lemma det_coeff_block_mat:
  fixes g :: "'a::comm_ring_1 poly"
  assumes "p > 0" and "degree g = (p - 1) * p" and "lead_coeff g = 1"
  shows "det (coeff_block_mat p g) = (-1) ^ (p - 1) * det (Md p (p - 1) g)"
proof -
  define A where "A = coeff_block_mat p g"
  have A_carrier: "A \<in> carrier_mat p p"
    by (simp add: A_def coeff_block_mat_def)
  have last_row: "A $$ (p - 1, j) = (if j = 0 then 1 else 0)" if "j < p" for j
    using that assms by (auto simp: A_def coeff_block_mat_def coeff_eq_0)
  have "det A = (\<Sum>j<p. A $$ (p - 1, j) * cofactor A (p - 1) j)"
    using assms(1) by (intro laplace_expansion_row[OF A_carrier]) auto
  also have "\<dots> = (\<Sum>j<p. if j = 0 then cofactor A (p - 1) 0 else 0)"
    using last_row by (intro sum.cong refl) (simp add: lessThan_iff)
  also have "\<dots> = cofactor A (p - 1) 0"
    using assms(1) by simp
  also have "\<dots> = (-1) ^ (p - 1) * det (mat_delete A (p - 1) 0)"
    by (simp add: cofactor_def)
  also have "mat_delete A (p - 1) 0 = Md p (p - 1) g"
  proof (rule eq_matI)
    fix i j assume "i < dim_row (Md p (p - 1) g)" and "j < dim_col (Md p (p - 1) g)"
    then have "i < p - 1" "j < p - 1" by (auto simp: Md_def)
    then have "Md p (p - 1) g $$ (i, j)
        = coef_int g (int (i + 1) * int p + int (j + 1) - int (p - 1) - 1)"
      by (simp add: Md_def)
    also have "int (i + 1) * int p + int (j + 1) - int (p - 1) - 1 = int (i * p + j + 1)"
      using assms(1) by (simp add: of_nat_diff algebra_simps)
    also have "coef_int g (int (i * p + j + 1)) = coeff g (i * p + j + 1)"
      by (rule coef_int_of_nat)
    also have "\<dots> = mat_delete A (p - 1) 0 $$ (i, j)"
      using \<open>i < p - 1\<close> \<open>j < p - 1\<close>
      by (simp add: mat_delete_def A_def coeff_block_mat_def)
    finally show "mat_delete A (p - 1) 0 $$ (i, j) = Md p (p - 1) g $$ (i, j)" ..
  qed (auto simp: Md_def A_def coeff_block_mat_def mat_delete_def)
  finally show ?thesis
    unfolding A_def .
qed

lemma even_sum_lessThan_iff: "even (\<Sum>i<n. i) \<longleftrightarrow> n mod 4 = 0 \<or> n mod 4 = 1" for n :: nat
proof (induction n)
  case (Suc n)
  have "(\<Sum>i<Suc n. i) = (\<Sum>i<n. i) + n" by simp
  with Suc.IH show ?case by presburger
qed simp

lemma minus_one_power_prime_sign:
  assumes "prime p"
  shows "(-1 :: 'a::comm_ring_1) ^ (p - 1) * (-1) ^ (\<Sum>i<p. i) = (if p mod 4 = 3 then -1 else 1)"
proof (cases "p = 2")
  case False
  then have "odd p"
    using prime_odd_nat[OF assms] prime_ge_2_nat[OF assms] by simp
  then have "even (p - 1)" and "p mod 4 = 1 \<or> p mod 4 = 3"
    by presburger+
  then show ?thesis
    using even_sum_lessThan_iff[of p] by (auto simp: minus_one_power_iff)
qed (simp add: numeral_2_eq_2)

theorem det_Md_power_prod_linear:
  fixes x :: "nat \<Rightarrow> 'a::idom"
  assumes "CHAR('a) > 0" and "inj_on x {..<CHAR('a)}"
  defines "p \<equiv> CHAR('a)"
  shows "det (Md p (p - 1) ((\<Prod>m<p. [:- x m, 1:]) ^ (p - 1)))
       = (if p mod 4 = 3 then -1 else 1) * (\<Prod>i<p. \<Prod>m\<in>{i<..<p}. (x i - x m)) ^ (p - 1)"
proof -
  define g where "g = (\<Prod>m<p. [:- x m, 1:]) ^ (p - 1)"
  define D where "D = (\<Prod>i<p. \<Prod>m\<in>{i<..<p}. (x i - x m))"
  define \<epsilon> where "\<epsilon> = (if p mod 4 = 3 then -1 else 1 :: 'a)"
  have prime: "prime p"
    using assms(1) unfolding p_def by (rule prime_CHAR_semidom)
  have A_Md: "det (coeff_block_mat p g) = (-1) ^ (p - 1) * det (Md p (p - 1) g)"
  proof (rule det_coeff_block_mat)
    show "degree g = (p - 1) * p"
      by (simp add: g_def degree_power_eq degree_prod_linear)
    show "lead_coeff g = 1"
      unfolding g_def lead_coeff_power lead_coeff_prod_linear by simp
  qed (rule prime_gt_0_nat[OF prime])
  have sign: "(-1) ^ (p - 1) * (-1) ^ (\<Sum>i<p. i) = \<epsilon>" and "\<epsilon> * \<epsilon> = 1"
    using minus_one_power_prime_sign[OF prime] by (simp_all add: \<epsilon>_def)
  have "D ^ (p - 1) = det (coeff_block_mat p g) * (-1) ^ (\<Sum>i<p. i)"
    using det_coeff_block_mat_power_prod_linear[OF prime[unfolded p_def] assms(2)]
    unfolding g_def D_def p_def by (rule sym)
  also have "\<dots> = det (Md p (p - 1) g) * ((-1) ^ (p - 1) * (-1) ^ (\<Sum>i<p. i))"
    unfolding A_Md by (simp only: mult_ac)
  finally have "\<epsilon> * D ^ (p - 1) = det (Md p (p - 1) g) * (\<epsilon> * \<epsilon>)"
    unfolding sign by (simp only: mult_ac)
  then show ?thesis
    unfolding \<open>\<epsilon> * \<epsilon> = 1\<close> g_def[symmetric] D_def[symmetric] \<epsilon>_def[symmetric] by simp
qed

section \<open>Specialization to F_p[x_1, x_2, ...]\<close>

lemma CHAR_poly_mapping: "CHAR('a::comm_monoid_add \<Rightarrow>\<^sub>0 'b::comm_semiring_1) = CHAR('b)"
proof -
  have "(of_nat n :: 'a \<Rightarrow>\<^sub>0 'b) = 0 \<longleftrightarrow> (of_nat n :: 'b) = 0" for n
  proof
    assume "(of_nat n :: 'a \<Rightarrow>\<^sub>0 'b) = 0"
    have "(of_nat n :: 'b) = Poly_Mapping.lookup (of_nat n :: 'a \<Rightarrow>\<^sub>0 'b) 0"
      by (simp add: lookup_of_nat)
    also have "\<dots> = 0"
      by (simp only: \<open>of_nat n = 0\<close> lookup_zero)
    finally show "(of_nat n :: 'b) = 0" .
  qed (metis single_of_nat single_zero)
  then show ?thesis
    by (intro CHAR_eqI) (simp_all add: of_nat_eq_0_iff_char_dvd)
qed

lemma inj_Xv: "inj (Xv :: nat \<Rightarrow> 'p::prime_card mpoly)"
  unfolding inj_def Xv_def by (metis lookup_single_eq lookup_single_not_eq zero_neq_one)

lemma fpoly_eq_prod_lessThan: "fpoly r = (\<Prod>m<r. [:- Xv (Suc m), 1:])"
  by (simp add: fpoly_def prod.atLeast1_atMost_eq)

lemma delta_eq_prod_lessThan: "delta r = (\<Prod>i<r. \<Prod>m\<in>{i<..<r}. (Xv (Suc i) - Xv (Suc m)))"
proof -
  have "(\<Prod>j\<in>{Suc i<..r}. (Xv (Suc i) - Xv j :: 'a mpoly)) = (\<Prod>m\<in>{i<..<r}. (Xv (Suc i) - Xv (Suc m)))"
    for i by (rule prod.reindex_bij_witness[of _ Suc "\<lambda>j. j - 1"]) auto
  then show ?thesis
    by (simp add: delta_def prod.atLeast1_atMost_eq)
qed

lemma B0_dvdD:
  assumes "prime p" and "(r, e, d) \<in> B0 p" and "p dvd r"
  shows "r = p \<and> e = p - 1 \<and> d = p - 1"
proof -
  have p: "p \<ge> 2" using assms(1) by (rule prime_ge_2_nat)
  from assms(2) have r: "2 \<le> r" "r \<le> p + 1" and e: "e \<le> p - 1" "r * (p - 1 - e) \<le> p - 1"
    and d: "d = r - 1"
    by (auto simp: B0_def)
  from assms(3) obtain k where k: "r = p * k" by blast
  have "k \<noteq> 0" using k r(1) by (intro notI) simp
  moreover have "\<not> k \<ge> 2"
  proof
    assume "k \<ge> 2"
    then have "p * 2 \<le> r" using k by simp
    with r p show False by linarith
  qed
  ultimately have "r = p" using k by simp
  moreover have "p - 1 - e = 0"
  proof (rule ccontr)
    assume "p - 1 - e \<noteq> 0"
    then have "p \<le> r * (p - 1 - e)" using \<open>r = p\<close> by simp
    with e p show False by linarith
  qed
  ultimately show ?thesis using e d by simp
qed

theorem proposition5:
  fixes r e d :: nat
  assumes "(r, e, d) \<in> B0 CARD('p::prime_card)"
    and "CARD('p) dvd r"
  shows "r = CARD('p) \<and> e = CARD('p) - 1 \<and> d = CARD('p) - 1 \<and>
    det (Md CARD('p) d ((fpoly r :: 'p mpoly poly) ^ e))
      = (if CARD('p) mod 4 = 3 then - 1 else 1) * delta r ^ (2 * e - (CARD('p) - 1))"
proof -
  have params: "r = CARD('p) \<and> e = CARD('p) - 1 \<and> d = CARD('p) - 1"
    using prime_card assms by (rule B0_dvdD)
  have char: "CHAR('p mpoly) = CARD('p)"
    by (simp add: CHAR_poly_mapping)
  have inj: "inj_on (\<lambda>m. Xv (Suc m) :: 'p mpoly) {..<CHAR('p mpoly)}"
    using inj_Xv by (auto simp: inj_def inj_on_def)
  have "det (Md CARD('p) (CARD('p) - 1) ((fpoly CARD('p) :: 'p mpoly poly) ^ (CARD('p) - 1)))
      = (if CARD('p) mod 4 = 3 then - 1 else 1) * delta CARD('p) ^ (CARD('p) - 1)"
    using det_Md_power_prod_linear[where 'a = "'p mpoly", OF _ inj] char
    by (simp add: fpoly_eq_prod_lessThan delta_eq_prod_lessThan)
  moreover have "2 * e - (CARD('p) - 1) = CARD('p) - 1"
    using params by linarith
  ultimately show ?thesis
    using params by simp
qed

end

## Problem description
Select and copy every line from the records that includes the word "noteq".

## Answer below
  have "k \<noteq> 0" using k r(1) by (intro notI) simp
    assume "p - 1 - e \<noteq> 0"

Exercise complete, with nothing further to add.